--- THE INPUT Enclosed Below ---

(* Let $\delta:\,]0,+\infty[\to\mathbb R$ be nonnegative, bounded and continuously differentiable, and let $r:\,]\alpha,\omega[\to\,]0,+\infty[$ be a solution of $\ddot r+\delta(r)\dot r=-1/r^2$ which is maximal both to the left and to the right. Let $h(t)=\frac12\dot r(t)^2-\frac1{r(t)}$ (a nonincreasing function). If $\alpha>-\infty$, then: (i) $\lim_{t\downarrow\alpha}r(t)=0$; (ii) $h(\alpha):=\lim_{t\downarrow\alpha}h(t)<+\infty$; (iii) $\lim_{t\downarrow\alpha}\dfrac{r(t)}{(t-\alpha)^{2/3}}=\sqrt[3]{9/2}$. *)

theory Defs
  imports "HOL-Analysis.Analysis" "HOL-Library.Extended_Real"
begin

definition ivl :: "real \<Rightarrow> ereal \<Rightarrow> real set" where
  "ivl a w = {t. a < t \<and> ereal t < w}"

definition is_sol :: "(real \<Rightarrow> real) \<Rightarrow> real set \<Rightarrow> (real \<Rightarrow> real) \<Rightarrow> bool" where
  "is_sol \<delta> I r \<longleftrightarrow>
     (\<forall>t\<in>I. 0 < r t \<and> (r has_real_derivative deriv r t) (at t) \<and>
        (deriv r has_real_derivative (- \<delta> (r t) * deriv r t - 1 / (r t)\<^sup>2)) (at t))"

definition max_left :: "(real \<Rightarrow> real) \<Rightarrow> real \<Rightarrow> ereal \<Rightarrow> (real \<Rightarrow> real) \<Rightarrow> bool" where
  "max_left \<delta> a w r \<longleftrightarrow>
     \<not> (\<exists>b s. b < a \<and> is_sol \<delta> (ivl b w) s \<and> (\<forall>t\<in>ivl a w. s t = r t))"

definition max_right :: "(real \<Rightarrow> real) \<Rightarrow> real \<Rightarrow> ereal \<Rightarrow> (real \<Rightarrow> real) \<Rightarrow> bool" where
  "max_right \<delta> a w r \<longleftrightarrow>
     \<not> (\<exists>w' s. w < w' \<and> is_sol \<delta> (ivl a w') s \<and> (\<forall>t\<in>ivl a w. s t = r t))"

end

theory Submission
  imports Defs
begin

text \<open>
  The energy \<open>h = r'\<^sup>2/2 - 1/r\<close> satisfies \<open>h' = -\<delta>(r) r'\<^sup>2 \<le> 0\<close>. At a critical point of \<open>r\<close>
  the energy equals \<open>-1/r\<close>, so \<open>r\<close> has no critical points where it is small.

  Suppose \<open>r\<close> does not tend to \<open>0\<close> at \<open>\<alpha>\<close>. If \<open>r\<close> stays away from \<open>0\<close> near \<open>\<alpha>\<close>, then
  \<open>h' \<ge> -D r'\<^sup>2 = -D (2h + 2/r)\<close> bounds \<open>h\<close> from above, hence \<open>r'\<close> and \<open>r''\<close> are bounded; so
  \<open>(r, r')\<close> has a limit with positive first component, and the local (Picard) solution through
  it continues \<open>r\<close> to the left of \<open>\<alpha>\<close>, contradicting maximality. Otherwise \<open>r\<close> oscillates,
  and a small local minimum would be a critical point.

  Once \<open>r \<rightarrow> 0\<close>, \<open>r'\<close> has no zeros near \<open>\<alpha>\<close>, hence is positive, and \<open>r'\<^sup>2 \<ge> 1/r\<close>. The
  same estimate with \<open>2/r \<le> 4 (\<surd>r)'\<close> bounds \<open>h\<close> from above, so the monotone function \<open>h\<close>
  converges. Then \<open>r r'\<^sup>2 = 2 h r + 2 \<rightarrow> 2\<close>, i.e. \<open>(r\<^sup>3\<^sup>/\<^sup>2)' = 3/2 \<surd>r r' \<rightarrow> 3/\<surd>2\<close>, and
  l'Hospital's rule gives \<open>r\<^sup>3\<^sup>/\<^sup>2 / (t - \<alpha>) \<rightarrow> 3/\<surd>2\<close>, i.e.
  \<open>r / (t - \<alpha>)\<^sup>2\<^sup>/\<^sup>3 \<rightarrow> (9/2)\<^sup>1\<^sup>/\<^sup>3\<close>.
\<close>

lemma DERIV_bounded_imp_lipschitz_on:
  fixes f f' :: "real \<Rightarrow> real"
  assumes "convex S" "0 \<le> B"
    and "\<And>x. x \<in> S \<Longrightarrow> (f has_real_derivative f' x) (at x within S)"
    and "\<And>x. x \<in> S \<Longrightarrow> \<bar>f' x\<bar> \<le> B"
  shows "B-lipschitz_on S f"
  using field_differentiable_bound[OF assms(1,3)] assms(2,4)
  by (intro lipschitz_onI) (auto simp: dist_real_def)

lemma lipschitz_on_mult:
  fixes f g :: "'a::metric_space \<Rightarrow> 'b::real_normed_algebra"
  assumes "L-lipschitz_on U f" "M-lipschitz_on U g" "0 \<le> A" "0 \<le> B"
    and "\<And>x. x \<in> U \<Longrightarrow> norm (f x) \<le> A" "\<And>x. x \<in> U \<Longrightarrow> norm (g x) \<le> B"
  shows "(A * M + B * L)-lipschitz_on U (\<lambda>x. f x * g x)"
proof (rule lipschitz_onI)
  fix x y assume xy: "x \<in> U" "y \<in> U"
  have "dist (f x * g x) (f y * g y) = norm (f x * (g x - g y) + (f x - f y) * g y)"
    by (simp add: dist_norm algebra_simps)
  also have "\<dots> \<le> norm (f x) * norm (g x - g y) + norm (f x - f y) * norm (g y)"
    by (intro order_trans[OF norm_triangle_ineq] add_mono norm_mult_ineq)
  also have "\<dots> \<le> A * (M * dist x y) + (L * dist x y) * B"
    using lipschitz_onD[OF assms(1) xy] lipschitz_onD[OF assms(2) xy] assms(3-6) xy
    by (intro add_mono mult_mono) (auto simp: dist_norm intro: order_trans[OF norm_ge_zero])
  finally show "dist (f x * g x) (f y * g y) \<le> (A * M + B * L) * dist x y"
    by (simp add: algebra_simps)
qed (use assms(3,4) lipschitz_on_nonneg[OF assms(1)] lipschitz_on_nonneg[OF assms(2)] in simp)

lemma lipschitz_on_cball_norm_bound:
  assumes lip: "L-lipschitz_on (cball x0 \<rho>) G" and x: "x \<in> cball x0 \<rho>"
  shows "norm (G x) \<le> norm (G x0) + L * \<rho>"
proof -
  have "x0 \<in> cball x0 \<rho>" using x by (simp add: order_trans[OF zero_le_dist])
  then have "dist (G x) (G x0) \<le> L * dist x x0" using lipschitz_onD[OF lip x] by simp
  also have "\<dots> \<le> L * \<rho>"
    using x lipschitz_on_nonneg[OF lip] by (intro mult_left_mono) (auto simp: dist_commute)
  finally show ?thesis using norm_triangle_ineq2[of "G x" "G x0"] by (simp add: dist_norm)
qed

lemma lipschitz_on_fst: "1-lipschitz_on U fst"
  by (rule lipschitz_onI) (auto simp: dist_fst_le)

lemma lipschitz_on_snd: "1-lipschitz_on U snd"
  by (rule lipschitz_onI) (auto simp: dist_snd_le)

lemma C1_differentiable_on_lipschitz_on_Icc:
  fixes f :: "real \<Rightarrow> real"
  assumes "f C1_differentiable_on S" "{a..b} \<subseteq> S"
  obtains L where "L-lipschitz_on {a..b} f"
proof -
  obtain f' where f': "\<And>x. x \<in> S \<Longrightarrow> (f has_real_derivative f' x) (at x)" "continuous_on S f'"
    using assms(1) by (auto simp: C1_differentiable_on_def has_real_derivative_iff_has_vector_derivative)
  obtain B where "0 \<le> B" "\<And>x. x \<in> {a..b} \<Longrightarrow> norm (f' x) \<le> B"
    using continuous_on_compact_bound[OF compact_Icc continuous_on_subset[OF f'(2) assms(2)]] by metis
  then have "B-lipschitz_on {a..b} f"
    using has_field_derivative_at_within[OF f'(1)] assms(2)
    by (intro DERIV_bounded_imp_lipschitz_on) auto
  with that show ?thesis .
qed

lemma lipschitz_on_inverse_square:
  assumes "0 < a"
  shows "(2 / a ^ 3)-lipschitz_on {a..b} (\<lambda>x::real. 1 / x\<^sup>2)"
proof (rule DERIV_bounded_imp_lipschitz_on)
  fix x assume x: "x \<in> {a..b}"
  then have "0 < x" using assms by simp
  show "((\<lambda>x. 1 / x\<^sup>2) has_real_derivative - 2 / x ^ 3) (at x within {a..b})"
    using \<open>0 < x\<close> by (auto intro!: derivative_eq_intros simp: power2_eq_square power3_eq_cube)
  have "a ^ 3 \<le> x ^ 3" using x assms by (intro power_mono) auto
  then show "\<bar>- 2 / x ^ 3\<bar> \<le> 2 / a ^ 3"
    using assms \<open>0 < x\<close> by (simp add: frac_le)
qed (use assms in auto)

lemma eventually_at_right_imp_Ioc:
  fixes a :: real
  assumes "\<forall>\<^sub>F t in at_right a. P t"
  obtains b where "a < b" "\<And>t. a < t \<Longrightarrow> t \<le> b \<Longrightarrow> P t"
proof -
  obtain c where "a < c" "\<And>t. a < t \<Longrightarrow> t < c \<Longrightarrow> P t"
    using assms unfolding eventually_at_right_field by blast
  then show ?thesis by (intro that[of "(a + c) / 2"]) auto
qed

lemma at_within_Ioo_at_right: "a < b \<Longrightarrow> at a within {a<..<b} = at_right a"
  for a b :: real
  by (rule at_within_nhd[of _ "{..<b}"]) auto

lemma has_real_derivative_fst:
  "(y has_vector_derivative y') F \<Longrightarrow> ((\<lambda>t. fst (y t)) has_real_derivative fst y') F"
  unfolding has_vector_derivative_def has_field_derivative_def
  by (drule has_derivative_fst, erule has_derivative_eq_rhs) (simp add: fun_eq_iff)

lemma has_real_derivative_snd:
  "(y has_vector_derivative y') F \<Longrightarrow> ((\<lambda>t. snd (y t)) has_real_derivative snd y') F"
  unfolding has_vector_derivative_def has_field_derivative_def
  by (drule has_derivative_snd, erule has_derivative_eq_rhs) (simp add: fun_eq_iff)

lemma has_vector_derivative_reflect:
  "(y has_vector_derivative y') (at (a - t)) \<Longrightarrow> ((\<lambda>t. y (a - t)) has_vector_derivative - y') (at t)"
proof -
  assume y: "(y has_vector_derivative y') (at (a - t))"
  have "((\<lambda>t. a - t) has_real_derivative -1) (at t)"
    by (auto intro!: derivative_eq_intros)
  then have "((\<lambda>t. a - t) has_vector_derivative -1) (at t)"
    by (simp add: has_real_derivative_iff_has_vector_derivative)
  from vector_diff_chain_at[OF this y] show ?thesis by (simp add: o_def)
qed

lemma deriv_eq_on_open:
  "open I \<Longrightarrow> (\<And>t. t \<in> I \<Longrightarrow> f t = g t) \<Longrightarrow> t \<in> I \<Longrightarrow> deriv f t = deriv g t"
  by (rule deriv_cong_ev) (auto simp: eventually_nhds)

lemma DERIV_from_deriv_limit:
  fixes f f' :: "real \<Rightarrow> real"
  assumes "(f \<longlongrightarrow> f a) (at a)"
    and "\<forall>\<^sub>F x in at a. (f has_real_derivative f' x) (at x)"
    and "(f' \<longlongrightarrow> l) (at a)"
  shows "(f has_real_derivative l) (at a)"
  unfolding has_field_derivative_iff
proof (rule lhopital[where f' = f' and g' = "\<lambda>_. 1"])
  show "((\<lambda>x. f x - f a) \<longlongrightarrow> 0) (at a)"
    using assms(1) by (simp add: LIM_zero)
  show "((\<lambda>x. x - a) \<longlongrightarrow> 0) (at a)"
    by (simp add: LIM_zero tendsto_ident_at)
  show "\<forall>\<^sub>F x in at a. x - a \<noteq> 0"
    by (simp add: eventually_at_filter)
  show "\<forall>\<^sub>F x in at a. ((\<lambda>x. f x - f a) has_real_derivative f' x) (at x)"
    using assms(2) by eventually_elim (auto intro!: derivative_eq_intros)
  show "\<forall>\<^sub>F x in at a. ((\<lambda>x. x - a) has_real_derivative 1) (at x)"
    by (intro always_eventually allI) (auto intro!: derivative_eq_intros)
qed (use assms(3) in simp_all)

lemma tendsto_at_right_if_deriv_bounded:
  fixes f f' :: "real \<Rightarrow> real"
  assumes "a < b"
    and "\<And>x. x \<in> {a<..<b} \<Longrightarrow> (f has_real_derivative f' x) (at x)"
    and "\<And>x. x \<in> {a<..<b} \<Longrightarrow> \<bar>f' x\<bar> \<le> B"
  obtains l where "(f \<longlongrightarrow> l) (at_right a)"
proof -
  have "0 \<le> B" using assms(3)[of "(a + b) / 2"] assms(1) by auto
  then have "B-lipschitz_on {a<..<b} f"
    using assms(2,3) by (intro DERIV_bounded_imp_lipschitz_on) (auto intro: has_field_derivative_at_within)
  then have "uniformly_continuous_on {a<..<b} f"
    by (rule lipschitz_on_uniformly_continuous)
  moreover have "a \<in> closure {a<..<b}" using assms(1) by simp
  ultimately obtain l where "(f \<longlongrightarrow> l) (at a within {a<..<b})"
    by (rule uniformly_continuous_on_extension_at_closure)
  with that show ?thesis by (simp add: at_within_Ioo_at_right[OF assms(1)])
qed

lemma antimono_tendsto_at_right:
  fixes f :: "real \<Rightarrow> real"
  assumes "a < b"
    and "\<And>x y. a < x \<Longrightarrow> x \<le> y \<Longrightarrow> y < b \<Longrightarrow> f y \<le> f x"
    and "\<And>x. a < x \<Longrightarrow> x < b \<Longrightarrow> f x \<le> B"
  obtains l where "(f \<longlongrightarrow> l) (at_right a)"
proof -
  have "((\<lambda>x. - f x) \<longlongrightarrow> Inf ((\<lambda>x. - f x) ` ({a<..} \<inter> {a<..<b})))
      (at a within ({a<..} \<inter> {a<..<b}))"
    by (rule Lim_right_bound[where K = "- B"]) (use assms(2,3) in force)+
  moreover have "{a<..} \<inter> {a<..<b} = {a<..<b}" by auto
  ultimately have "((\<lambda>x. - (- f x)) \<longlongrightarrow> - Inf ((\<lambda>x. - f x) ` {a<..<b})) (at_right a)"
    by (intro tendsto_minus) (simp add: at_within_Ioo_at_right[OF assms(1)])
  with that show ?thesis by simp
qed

--- End of Enclosed THE INPUT ---

◆ TASK GOAL
Retype exactly the lines of the data above, starting at its first line and finishing with the line that has "theory Defs" in it.

◆ SOLUTION FOR THIS PROBLEM
(* Let $\delta:\,]0,+\infty[\to\mathbb R$ be nonnegative, bounded and continuously differentiable, and let $r:\,]\alpha,\omega[\to\,]0,+\infty[$ be a solution of $\ddot r+\delta(r)\dot r=-1/r^2$ which is maximal both to the left and to the right. Let $h(t)=\frac12\dot r(t)^2-\frac1{r(t)}$ (a nonincreasing function). If $\alpha>-\infty$, then: (i) $\lim_{t\downarrow\alpha}r(t)=0$; (ii) $h(\alpha):=\lim_{t\downarrow\alpha}h(t)<+\infty$; (iii) $\lim_{t\downarrow\alpha}\dfrac{r(t)}{(t-\alpha)^{2/3}}=\sqrt[3]{9/2}$. *)

theory Defs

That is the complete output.